Referring to FIG. 1A, the suturing device 10 includes the shaft 18 that extends from a proximal end 22 to a distal end 20 along the shaft axis 19, and a portion of the shaft 18 (e.g., a portion of the proximal end 22 of the shaft 18) may extend into the interior of the housing portion 14. The shaft axis 19 may be linear from the proximal end 22 to the distal end 20, and the shaft axis 19 may extend or generally extend in a direction along or parallel to the X-axis of the reference coordinate system of FIG. 1A. In some embodiments, one or more portions of the shaft 18 may be non-linear. In other embodiment, one or more portions of the shaft 18 may extend along the shaft axis 19, and one of more portions of the shaft 18 may be linear but may extend at an angle to the shaft axis 19. The shaft 18 may be rigid, but in other embodiments, the shaft 18 may be flexible or may have one or more portions that are flexible.
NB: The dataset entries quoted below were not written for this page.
(* Let $\lambda>0$, $\gamma\ge0$ and $\omega\in[-\pi,\pi]$, and put $\delta=(\sqrt{\gamma^2+1}-1)/\gamma$ (with $\delta=0$ if $\gamma=0$). The Kullback–Leibler divergence $$KL(\mathrm{GCPC}\,\|\,\mathrm{CIPC})=\int_{-\pi}^{\pi}f_{GCPC}(\theta)\log\frac{f_{GCPC}(\theta)}{f_{CIPC}(\theta)}\,d\theta$$ between $\mathrm{GCPC}(\omega,\gamma,\lambda)$ and $\mathrm{CIPC}(\omega,\gamma)$ equals $$-\frac12\log\lambda+2\log\!\left(\frac{\sqrt{\lambda}(1-\delta^2)+1+\delta^2}{2}\right)-\log(1-\delta^2)+E_{WC}\!\left[\log\!\left(\sqrt{\gamma^2+1}-\frac{\gamma\cos\psi}{\sqrt{1+(\lambda-1)\sin^2\psi}}\right)\right],$$ where the expectation is over $\psi\sim\mathrm{WC}(0,\delta)$.
   Context: For $\lambda>0$, $\gamma\ge0$ and $\omega\in[-\pi,\pi]$, the distribution $\mathrm{GCPC}(\omega,\gamma,\lambda)$ is the distribution on the circle with density $$f_{GCPC}(\theta)=\frac{1}{2\pi\sqrt{\lambda}\,\bigl(b\sqrt{\gamma^2+1}-\gamma\cos\phi\,\sqrt{b}\bigr)},\qquad \phi=\theta-\omega,\quad b=\cos^2\phi+\frac{\sin^2\phi}{\lambda}.$$ The distribution $\mathrm{CIPC}(\omega,\gamma)$ has density $f_{CIPC}(\theta)=\dfrac{1}{2\pi(\sqrt{\gamma^2+1}-\gamma\cos(\theta-\omega))}$. For $0\le\delta<1$, the distribution $\mathrm{WC}(0,\delta)$ has density $\dfrac{1-\delta^2}{2\pi(1+\delta^2-2\delta\cos\psi)}$ on $(-\pi,\pi]$. *)

theory Defs
  imports "HOL-Analysis.Analysis"
begin

definition f_GCPC :: "real \<Rightarrow> real \<Rightarrow> real \<Rightarrow> real \<Rightarrow> real" where
  "f_GCPC \<omega> \<gamma> lam \<theta> =
     (let \<phi> = \<theta> - \<omega>; b = (cos \<phi>)\<^sup>2 + (sin \<phi>)\<^sup>2 / lam
      in 1 / (2 * pi * sqrt lam * (b * sqrt (\<gamma>\<^sup>2 + 1) - \<gamma> * cos \<phi> * sqrt b)))"

definition f_CIPC :: "real \<Rightarrow> real \<Rightarrow> real \<Rightarrow> real" where
  "f_CIPC \<omega> \<gamma> \<theta> = 1 / (2 * pi * (sqrt (\<gamma>\<^sup>2 + 1) - \<gamma> * cos (\<theta> - \<omega>)))"

definition f_WC :: "real \<Rightarrow> real \<Rightarrow> real" where
  "f_WC \<delta> \<psi> = (1 - \<delta>\<^sup>2) / (2 * pi * (1 + \<delta>\<^sup>2 - 2 * \<delta> * cos \<psi>))"

definition delta_of :: "real \<Rightarrow> real" where
  "delta_of \<gamma> = (if \<gamma> = 0 then 0 else (sqrt (\<gamma>\<^sup>2 + 1) - 1) / \<gamma>)"

end

(* GCPC(omega, gamma, lam) is the image of CIPC(omega, gamma) under the angle map theta |-> psi with
   tan psi = tan (theta - omega) / sqrt lam, and CIPC(0, gamma) is the wrapped Cauchy law WC(0, delta),
   whose density is the Poisson kernel of the unit disc at delta. Substituting psi turns the divergence
   into the WC(0, delta)-expectation of the log-likelihood ratio written in psi. Besides the constant
   - ln lam / 2 and the term kept in the statement, this ratio contains
     ln (sqrt (gamma^2 + 1) - gamma cos psi) = ln |1 - delta e^(i psi)|^2 - ln (1 - delta^2),
     ln (1 + (lam - 1) sin^2 psi) = 2 ln ((1 + sqrt lam) / 2) + ln |1 + r e^(2 i psi)|^2,
   with r = (1 - sqrt lam) / (1 + sqrt lam), and by the Poisson formula the WC(0, delta)-expectation of
   ln |1 + a e^(i n psi)|^2 is 2 ln (1 + a delta^n) for |a| < 1. *)
theory Submission
  imports Defs "HOL-Complex_Analysis.Complex_Analysis"
begin

lemma has_integral_periodic_interval:
  fixes f :: "real \<Rightarrow> 'a::banach"
  assumes cont: "continuous_on UNIV f" and per: "\<And>x. f (x + T) = f x"
    and I: "(f has_integral I) {a..a+T}" and "\<bar>a - b\<bar> \<le> T"
  shows "(f has_integral I) {b..b+T}"
proof -
  have int: "f integrable_on {u..v}" for u v
    by (rule integrable_continuous_real) (rule continuous_on_subset[OF cont], simp)
  have shift: "integral {a..a+T} f = integral {b..b+T} f" if "a \<le> b" "b \<le> a + T" for a b
  proof -
    note combine = Henstock_Kurzweil_Integration.integral_combine[OF _ _ int]
    have "integral {a..a+T} f = integral {a..b} f + integral {b..a+T} f"
      by (rule combine[symmetric]) (use that in auto)
    also have "integral {a..b} f = integral {a+T..b+T} f"
      using integral_shift_real_ivl[where f=f and a="a+T" and b="b+T" and c=T] by (simp add: per)
    also have "integral {a+T..b+T} f + integral {b..a+T} f = integral {b..b+T} f"
      by (subst add.commute, rule combine) (use that in auto)
    finally show ?thesis .
  qed
  have "integral {b..b+T} f = I"
    using integral_unique[OF I] \<open>\<bar>a - b\<bar> \<le> T\<close> shift[of a b] shift[of b a] by argo
  then show ?thesis
    using int by (simp add: has_integral_integrable_integral)
qed

lemma has_integral_periodic_translate:
  fixes f :: "real \<Rightarrow> 'a::banach"
  assumes "continuous_on UNIV f" and "\<And>x. f (x + T) = f x"
    and "(f has_integral I) {a..a+T}" and "\<bar>c\<bar> \<le> T"
  shows "((\<lambda>x. f (x - c)) has_integral I) {a..a+T}"
proof -
  have "(f has_integral I) {a - c..a - c + T}"
    by (rule has_integral_periodic_interval[OF assms(1-3)]) (use assms(4) in simp)
  from has_integral_shift_real_ivl[OF this, of "-c"] show ?thesis
    by simp
qed

section \<open>The wrapped Cauchy density as a Poisson kernel\<close>

lemma wrapped_Cauchy_denom_pos:
  fixes d t :: real
  assumes "\<bar>d\<bar> < 1"
  shows "1 + d\<^sup>2 - 2 * d * cos t > 0"
proof -
  have "d * cos t \<le> \<bar>d\<bar> * \<bar>cos t\<bar>"
    by (metis abs_ge_self abs_mult)
  also have "\<dots> \<le> \<bar>d\<bar>"
    by (simp add: mult_left_le)
  finally have "1 + d\<^sup>2 - 2 * d * cos t \<ge> (1 - \<bar>d\<bar>)\<^sup>2"
    by (simp add: power2_eq_square algebra_simps)
  moreover have "(1 - \<bar>d\<bar>)\<^sup>2 > 0" using assms by simp
  ultimately show ?thesis by linarith
qed

lemma continuous_on_f_WC: "\<bar>d\<bar> < 1 \<Longrightarrow> continuous_on UNIV (f_WC d)"
  unfolding f_WC_def using wrapped_Cauchy_denom_pos
  by (intro continuous_intros) (auto simp: less_imp_neq dest: sym)

lemma Poisson_kernel_eq:
  fixes d t :: real
  assumes "\<bar>d\<bar> < 1"
  shows "cis t / (cis t - d) + d * cis t / (1 - d * cis t) = (1 - d\<^sup>2) / (1 + d\<^sup>2 - 2 * d * cos t)"
proof -
  have "cis t - d \<noteq> 0" "1 - d * cis t \<noteq> 0"
    using assms by (auto simp: right_minus_eq norm_mult dest: arg_cong[where f=cmod])
  then have "cis t / (cis t - d) + d * cis t / (1 - d * cis t)
      = cis t * (1 - d\<^sup>2) / ((cis t - d) * (1 - d * cis t))"
    by (simp add: field_simps) (simp add: algebra_simps power2_eq_square)
  also have "(cis t - d) * (1 - d * cis t) = cis t * (1 + d\<^sup>2 - 2 * d * cos t)"
    by (simp add: complex_eq_iff algebra_simps power2_eq_square cos_double sin_double)
       (simp flip: distrib_left add: sin_cos_squared_add3)
  finally show ?thesis
    by simp
qed

lemma Cauchy_integral_Poisson_kernel:
  fixes F :: "complex \<Rightarrow> complex" and d :: real
  assumes holF: "F holomorphic_on ball 0 R" and "1 < R" and d: "\<bar>d\<bar> < 1"
  shows "((\<lambda>u. F u / (u - d) + F u * (d / (1 - d * u))) has_contour_integral (2 * of_real pi * \<i> * F d))
           (circlepath 0 1)"
proof -
  define r where "r = min R (2 / (1 + \<bar>d\<bar>))"
  have "1 < r" using \<open>1 < R\<close> d by (simp add: r_def field_simps)
  have "\<bar>d\<bar> * r \<le> \<bar>d\<bar> * (2 / (1 + \<bar>d\<bar>))"
    by (intro mult_left_mono) (auto simp: r_def)
  also have "\<dots> < 1"
    using d by (simp add: field_simps)
  finally have "\<bar>d\<bar> * r < 1" .
  have hol: "F holomorphic_on ball 0 r"
    using holF by (rule holomorphic_on_subset) (simp add: r_def subset_ball)
  have Cauchy_formula: "((\<lambda>u. F u / (u - d)) has_contour_integral (2 * of_real pi * \<i> * F d)) (circlepath 0 1)"
    using \<open>1 < r\<close> d
    by (intro Cauchy_integral_circlepath_simple holomorphic_on_subset[OF hol]) auto
  have Cauchy_theorem: "((\<lambda>u. F u * (d / (1 - d * u))) has_contour_integral 0) (circlepath 0 1)"
  proof (rule Cauchy_theorem_disc_simple[of _ 0 r])
    have "1 - d * u \<noteq> 0" if "u \<in> ball 0 r" for u :: complex
    proof
      assume "1 - d * u = 0"
      then have "1 = \<bar>d\<bar> * cmod u" by (metis norm_mult norm_of_real norm_one right_minus_eq)
      also have "\<dots> \<le> \<bar>d\<bar> * r" using that by (intro mult_left_mono) auto
      finally show False using \<open>\<bar>d\<bar> * r < 1\<close> by simp
    qed
    then show "(\<lambda>u. F u * (d / (1 - d * u))) holomorphic_on ball 0 r"
      by (intro holomorphic_intros hol)
  qed (use \<open>1 < r\<close> in auto)
  from has_contour_integral_add[OF Cauchy_formula Cauchy_theorem] show ?thesis
    by simp
qed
The shaft 18, or one or more portions of the shaft 18, may have the general shape of an elongated hollow tube having an interior surface 120 (illustrated in FIG. 1G) that defines an interior portion 109 that extends from the proximal end 22 to the distal end 20 of the shaft 18. The shaft 18 and the interior surface 120 may have any suitable cross-sectional shape or combination of shapes normal to the shaft axis 19. For example, the shaft 18 may have the general shape of an elongated cylinder, and the interior surface 120 may have a circular cross-sectional shape when viewed normal to the shaft axis 19.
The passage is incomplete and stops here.